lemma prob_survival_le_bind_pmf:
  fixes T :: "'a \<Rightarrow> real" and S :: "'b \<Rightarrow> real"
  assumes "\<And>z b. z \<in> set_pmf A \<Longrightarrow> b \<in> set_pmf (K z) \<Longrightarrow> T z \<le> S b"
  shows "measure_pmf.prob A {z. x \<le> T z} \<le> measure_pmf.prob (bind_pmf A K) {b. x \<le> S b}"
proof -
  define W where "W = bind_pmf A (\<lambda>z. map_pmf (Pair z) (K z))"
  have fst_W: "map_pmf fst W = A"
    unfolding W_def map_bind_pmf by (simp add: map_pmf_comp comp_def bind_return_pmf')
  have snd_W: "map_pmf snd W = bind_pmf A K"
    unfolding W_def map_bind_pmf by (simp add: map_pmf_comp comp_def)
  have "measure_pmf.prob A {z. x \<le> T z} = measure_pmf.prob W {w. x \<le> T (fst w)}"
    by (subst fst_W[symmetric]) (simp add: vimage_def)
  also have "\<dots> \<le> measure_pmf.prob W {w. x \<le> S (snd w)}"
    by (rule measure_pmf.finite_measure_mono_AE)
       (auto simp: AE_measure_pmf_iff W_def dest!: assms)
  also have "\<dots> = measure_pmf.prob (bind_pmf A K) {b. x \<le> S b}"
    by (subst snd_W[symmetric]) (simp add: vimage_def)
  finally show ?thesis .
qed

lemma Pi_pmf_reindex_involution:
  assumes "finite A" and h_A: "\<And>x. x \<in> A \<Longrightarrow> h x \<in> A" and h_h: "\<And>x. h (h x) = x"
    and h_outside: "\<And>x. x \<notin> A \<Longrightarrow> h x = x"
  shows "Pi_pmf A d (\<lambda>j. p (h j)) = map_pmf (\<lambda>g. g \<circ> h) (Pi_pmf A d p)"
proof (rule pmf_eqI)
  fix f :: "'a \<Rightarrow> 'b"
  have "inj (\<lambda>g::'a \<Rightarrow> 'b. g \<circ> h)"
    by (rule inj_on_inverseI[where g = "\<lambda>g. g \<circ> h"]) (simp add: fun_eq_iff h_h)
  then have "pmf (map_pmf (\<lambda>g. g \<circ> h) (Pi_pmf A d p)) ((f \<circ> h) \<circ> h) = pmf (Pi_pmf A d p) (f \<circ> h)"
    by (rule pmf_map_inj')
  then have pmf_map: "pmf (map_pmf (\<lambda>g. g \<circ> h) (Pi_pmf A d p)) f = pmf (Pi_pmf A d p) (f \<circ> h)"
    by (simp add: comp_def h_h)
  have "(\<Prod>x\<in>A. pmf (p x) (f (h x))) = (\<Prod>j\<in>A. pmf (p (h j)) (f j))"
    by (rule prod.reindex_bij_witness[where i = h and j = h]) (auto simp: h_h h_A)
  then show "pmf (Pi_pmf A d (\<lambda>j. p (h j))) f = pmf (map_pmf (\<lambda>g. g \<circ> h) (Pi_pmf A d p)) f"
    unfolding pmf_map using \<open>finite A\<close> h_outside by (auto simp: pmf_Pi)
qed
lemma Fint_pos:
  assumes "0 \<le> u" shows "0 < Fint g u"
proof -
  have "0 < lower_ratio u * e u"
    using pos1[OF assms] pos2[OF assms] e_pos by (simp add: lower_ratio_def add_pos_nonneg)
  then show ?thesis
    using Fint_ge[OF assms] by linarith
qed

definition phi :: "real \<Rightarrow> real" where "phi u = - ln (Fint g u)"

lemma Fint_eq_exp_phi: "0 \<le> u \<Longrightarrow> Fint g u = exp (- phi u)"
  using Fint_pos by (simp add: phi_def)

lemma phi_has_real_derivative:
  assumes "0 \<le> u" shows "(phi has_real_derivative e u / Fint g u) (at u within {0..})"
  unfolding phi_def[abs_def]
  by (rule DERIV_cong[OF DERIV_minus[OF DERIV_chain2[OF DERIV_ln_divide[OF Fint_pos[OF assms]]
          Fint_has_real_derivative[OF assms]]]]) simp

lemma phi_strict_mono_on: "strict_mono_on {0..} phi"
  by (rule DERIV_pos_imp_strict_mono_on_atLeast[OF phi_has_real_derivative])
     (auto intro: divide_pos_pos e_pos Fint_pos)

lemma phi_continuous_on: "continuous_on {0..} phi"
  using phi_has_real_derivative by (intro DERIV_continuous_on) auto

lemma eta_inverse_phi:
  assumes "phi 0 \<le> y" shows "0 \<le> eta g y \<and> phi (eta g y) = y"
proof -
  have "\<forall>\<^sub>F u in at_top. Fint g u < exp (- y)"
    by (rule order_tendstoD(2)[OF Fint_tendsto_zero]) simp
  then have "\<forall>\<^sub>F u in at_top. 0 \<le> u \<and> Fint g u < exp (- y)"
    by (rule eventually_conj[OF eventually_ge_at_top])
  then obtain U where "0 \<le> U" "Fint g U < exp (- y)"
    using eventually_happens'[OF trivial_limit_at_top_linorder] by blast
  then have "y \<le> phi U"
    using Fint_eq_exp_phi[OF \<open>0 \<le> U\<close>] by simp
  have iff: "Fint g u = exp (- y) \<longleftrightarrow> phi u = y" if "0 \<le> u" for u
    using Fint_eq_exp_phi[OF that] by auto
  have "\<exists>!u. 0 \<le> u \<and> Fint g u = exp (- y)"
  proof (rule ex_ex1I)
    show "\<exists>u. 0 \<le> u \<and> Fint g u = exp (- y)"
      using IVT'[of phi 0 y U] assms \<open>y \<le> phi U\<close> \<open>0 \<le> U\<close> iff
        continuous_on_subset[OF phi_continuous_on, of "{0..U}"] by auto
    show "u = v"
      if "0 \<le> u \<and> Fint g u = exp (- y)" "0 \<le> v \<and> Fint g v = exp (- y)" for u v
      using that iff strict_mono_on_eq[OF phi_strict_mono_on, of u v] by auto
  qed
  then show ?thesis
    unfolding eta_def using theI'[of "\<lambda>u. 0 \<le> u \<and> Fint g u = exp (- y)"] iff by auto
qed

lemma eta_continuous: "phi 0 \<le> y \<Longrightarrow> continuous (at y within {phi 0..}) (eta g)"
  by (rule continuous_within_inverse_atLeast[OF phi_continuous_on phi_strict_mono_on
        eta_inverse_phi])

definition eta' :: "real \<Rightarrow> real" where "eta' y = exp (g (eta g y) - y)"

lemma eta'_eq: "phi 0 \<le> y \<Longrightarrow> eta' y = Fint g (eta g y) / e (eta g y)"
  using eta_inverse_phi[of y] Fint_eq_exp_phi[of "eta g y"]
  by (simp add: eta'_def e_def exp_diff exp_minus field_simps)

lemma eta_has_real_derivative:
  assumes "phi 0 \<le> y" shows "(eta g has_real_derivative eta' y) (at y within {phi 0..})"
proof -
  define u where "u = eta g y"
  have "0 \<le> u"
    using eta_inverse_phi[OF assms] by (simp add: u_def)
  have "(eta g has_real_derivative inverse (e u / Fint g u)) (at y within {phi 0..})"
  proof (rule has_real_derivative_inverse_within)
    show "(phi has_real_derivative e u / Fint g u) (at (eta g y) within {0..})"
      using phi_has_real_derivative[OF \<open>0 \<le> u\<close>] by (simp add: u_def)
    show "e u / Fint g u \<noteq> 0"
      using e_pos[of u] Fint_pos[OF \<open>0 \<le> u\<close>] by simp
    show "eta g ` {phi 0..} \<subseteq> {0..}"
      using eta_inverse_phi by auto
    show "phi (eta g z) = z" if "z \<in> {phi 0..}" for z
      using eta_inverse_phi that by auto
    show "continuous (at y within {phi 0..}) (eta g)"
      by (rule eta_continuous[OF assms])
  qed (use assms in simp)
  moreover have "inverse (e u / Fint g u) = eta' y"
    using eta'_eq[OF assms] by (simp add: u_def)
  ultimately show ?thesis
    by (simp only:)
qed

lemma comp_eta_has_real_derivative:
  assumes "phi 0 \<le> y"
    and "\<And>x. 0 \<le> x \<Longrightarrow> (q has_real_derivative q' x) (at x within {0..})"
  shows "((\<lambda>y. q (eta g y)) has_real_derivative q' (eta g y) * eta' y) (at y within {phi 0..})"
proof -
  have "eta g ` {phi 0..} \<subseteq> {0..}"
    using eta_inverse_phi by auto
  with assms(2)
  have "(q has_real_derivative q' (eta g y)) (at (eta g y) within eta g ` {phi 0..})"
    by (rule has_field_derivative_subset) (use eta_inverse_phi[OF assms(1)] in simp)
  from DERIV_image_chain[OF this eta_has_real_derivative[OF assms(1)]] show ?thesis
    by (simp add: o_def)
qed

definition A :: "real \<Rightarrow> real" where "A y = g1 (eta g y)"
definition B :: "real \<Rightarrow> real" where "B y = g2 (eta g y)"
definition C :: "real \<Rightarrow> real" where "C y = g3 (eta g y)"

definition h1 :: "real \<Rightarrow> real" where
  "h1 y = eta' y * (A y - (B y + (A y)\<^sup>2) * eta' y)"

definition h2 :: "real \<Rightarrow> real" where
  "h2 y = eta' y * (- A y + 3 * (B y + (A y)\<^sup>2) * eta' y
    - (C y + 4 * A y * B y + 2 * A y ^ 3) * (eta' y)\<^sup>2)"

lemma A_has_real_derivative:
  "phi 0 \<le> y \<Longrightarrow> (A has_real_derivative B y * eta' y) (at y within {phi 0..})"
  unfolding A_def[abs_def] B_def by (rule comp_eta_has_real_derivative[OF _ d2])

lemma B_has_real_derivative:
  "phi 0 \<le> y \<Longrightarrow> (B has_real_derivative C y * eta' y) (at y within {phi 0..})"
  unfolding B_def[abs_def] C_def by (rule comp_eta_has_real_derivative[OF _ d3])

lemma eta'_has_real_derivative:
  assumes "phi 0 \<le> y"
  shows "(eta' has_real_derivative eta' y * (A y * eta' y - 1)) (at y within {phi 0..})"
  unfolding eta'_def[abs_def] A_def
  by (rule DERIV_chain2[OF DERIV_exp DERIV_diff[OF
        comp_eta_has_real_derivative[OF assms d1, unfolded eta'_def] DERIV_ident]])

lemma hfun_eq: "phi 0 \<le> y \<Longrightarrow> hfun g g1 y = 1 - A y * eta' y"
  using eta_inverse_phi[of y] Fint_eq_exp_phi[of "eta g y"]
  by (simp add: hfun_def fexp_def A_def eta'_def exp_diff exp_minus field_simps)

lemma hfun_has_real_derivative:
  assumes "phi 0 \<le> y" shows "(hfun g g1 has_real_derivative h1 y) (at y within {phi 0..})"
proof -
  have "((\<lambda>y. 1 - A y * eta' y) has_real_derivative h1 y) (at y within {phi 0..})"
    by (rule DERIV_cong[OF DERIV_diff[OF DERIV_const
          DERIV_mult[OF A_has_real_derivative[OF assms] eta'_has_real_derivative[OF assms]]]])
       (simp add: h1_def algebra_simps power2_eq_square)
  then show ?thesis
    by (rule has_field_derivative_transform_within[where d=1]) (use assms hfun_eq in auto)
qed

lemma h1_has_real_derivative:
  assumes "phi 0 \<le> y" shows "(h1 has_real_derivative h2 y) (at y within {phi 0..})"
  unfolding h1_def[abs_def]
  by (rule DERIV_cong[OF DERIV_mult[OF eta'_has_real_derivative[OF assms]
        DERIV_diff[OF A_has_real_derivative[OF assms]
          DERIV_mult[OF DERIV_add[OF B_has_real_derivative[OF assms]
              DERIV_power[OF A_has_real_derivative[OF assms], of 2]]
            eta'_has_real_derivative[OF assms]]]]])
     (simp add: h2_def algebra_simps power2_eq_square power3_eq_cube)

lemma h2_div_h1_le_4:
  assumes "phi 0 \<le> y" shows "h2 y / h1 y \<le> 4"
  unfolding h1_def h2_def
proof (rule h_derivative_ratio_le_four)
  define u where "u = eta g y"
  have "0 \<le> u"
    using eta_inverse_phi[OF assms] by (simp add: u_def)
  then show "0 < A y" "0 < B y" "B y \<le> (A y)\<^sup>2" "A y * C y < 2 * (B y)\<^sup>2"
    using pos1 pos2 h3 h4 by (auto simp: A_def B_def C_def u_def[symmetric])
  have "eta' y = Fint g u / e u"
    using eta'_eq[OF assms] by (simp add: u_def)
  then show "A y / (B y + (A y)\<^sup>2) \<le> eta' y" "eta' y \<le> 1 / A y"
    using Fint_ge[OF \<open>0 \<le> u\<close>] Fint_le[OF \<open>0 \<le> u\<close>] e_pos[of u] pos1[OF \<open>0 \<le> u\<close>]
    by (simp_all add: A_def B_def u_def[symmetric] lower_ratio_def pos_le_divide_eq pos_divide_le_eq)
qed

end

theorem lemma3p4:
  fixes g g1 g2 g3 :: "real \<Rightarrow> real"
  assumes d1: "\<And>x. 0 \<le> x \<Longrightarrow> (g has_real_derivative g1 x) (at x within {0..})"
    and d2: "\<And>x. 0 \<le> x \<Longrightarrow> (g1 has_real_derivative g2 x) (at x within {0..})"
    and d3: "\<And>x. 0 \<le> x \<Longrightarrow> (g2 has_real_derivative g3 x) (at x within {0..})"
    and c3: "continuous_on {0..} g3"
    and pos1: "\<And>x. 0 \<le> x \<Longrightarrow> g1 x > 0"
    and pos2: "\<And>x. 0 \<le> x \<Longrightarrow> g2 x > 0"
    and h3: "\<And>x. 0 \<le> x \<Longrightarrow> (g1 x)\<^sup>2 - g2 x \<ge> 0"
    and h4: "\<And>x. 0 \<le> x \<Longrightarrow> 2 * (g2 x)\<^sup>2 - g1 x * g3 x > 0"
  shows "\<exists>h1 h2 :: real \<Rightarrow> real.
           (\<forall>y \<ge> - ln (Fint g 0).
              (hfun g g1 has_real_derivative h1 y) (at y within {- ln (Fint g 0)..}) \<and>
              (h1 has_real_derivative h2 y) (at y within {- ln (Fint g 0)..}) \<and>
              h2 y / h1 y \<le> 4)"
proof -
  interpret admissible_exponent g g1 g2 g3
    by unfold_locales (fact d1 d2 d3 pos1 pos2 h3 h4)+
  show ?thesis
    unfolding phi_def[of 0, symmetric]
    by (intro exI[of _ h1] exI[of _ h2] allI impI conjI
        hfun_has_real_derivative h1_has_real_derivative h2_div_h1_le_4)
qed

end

+++

• [Exercise directions]:
Tally the lines above that include "intro", and reply with only the tally.

• [Exercise result]:
3